Yes, babygirls are sensitive little bunnies, we feel deeply, we get hurt easily and we take things to heart. Yes, Daddies do need to be extra understanding in order to care for, deal with and make littles happy. However, I sometimes think that babygirls can take advantage of that, after all, we’re babygirls and that makes being selfish, bratty, demanding and the like perfectly OK, right?
A Daddy can only be so understanding, he can take only so much before his patience and understanding wear thin. Even if he has the world’s patience and understanding for his babygirl, when you are demanding, nag, whine and kick up a fuss about things that he has no control over it makes his life miserable.

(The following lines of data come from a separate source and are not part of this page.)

(* Let $n\ge 1$ and let $B^n=\{x\in\mathbb{R}^n : \|x\|\le 1\}$ be the closed unit ball. There is no decomposition of $B^n$ into sets of diameter less than $2/\sqrt{n}$ such that at most $n$ of the sets meet at any point.
   Context: A decomposition of a space $X$ is a locally finite collection (for compact $X$, a finite collection) of closed subsets of $X$ (the pieces) with pairwise disjoint interiors whose union is $X$. Diameters are Euclidean. *)

theory Defs
  imports "HOL-Analysis.Analysis"
begin

definition decomposition :: "'a::topological_space set \<Rightarrow> 'a set set \<Rightarrow> bool" where
  "decomposition X D \<longleftrightarrow>
     finite D \<and>
     (\<forall>A\<in>D. closedin (top_of_set X) A) \<and>
     (\<forall>A\<in>D. \<forall>B\<in>D. A \<noteq> B \<longrightarrow>
        ((top_of_set X) interior_of A) \<inter> ((top_of_set X) interior_of B) = {}) \<and>
     \<Union>D = X"

end

theory Submission
  imports Defs
begin

text \<open>The cube \<open>[-a, a]\<^sup>n\<close> with \<open>a = 1 / sqrt n\<close> is inscribed in the ball, and a set of
  diameter less than \<open>2 a\<close> cannot meet two opposite faces of it. So it suffices to prove
  Lebesgue's covering theorem: a finite closed cover of the cube none of whose members meets
  two opposite faces has a point lying in \<open>n + 1\<close> members. If not, by compactness even the
  \<open>\<delta>\<close>-neighbourhoods of the members have order at most \<open>n\<close> for small \<open>\<delta>\<close>. A partition of
  unity subordinate to these neighbourhoods, sending each member to a vertex of the cube on the
  side of the faces it approaches, is a continuous self-map of the cube preserving every face,
  hence onto by Brouwer's fixed point theorem. But its image lies in finitely many convex hulls
  of at most \<open>n\<close> points, which are null sets.\<close>

lemma decomposition_piece_closed_subset:
  assumes "decomposition X D" "closed X" "A \<in> D"
  shows "closed A" "A \<subseteq> X"
proof -
  have "closedin (top_of_set X) A"
    using assms(1,3) by (simp add: decomposition_def)
  then show "closed A" "A \<subseteq> X"
    by (metis closedin_closed_trans assms(2),
        metis closedin_imp_subset topspace_euclidean_subtopology)
qed

lemma negligible_convex_hull_card_le:
  fixes P :: "'a::euclidean_space set"
  assumes "finite P" "card P \<le> DIM('a)"
  shows "negligible (convex hull P)"
proof -
  have "interior (convex hull P) \<subseteq> interior (affine hull P)"
    by (intro interior_mono convex_hull_subset_affine_hull)
  then have "interior (convex hull P) = {}"
    using empty_interior_affine_hull[OF assms] by blast
  then show ?thesis
    using negligible_convex_interior[OF convex_convex_hull] by blast
qed

lemma negligible_UN_convex_hull_card_le:
  fixes v :: "'b \<Rightarrow> 'a::euclidean_space"
  assumes "finite D"
  shows "negligible (\<Union>S\<in>{S. S \<subseteq> D \<and> card S \<le> DIM('a)}. convex hull (v ` S))"
proof (intro negligible_Union ballI)
  show "finite ((\<lambda>S. convex hull (v ` S)) ` {S. S \<subseteq> D \<and> card S \<le> DIM('a)})"
    using assms by simp
next
  fix H assume "H \<in> (\<lambda>S. convex hull (v ` S)) ` {S. S \<subseteq> D \<and> card S \<le> DIM('a)}"
  then obtain S where "S \<subseteq> D" "card S \<le> DIM('a)" "H = convex hull (v ` S)"
    by blast
  moreover have "finite S"
    using \<open>S \<subseteq> D\<close> assms finite_subset by blast
  ultimately show "negligible H"
    using card_image_le[of S v] by (simp add: negligible_convex_hull_card_le)
qed

lemma convex_hull_inner_eq:
  assumes "y \<in> convex hull P" "\<forall>p\<in>P. b \<bullet> p = c"
  shows "b \<bullet> y = c"
proof -
  have "convex hull P \<subseteq> {z. b \<bullet> z = c}"
    using assms(2) by (intro hull_minimal convex_hyperplane) auto
  then show ?thesis using assms(1) by blast
qed

lemma infdist_less_iff:
  assumes "A \<noteq> {}"
  shows "infdist x A < e \<longleftrightarrow> (\<exists>y\<in>A. dist x y < e)"
  using assms by (simp add: infdist_notempty cINF_less_iff)

lemma nerve_map_exists:
  fixes D :: "'a::metric_space set set" and v :: "'a set \<Rightarrow> 'b::real_normed_vector"
  assumes "finite D" "S \<subseteq> \<Union>D" "\<delta> > 0"
  obtains f where "continuous_on S f"
    and "\<And>x. x \<in> S \<Longrightarrow> f x \<in> convex hull (v ` {A\<in>D. infdist x A < \<delta>})"
proof
  define w where "w A x = max 0 (\<delta> - infdist x A)" for A and x :: 'a
  define f where "f x = (\<Sum>A\<in>D. (w A x / sum (\<lambda>A. w A x) D) *\<^sub>R v A)" for x
  have w_nonneg: "0 \<le> w A x" for A x
    unfolding w_def by simp
  have w_pos: "0 < sum (\<lambda>A. w A x) D" if "x \<in> S" for x
  proof -
    obtain A where "A \<in> D" "x \<in> A" using assms(2) \<open>x \<in> S\<close> by blast
    then have "0 < w A x" using assms(3) unfolding w_def by simp
    then show ?thesis using \<open>A \<in> D\<close> assms(1) w_nonneg by (intro sum_pos2) auto
  qed
  show "continuous_on S f"
    unfolding f_def using w_pos unfolding w_def
    by (intro continuous_intros) (metis less_irrefl)
  fix x assume "x \<in> S"
  let ?T = "{A\<in>D. infdist x A < \<delta>}"
  have sums_on_T: "f x = (\<Sum>A\<in>?T. (w A x / sum (\<lambda>A. w A x) D) *\<^sub>R v A)"
    "sum (\<lambda>A. w A x) D = sum (\<lambda>A. w A x) ?T"
    unfolding f_def by (rule sum.mono_neutral_right; auto simp: assms(1) w_def)+
  have "(\<Sum>A\<in>?T. w A x / sum (\<lambda>A. w A x) D) = 1"
    using w_pos[OF \<open>x \<in> S\<close>] by (simp add: sum_divide_distrib[symmetric] sums_on_T(2))
  then show "f x \<in> convex hull (v ` ?T)"
    unfolding sums_on_T(1) using assms(1) w_pos[OF \<open>x \<in> S\<close>]
    by (intro convex_sum convex_convex_hull) (auto simp: w_nonneg hull_inc)
qed

lemma cbox_subset_image_face_preserving:
  fixes f :: "real^'n \<Rightarrow> real^'n"
  assumes contf: "continuous_on (cbox l u) f"
    and lower: "\<And>x i. x \<in> cbox l u \<Longrightarrow> x$i = l$i \<Longrightarrow> f x $ i = l$i"
    and upper: "\<And>x i. x \<in> cbox l u \<Longrightarrow> x$i = u$i \<Longrightarrow> f x $ i = u$i"
  shows "cbox l u \<subseteq> f ` cbox l u"
proof
  fix p assume p: "p \<in> cbox l u"
  \<comment> \<open>a fixed point of \<open>g\<close> is a preimage of \<open>p\<close>, because faces are preserved\<close>
  define g where "g y = (\<chi> i. max (l$i) (min (u$i) (y$i - f y$i + p$i)))" for y
  have "continuous_on (cbox l u) g"
    unfolding g_def by (intro continuous_intros contf)
  moreover have "g \<in> cbox l u \<rightarrow> cbox l u"
    using p unfolding g_def by (fastforce simp: mem_box_cart intro: order_trans)
  ultimately obtain x where x: "x \<in> cbox l u" "g x = x"
    using brouwer[of "cbox l u" g] p by (metis compact_cbox convex_box(1) empty_iff)
  have "f x $ i = p $ i" for i
  proof -
    have fixed: "max (l$i) (min (u$i) (x$i - f x$i + p$i)) = x$i"
      using arg_cong[OF x(2), of "\<lambda>y. y $ i"] by (simp add: g_def)
    have "l$i \<le> x$i" "x$i \<le> u$i"
      using x(1) by (auto simp: mem_box_cart)
    then consider "x$i = l$i" | "x$i = u$i" | "l$i < x$i \<and> x$i < u$i"
      by linarith
    then show ?thesis
      using fixed p lower[OF x(1)] upper[OF x(1)] by cases (auto simp: mem_box_cart)
  qed
  then show "p \<in> f ` cbox l u"
    using x(1) by (metis image_eqI vec_eq_iff)
qed

lemma face_preserving_image_not_negligible:
  fixes f :: "real^'n \<Rightarrow> real^'n"
  assumes "box l u \<noteq> {}" "continuous_on (cbox l u) f"
    and "\<And>x i. x \<in> cbox l u \<Longrightarrow> x$i = l$i \<Longrightarrow> f x $ i = l$i"
    and "\<And>x i. x \<in> cbox l u \<Longrightarrow> x$i = u$i \<Longrightarrow> f x $ i = u$i"
  shows "\<not> negligible (f ` cbox l u)"
  using cbox_subset_image_face_preserving[OF assms(2-4)] negligible_subset
    negligible_interval(1) assms(1) by blast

No Daddy wants his little to be unhappy but sometimes he has to leave you or he can’t be there or spend time with you because he has responsibilities and obligations that need his attention. I feel for every little that doesn’t live with her Daddy and/or has to deal with sharing his attention and time with other obligations, people and responsibilities. I really do.
Monster doesn’t and I don’t live together and, even though we work in the same office, half of the time outside of work he spends away from me. Long story short, he has a daughter, he boards with his parents, and he has very strong family ties. These are all things that take up a lot of his time, take him away from me and take up a lot of his attention. It is MY responsibility to be as understanding as I can, as hard as it may be sometimes, so that I don’t make his life a living hell all the time that he is away from me.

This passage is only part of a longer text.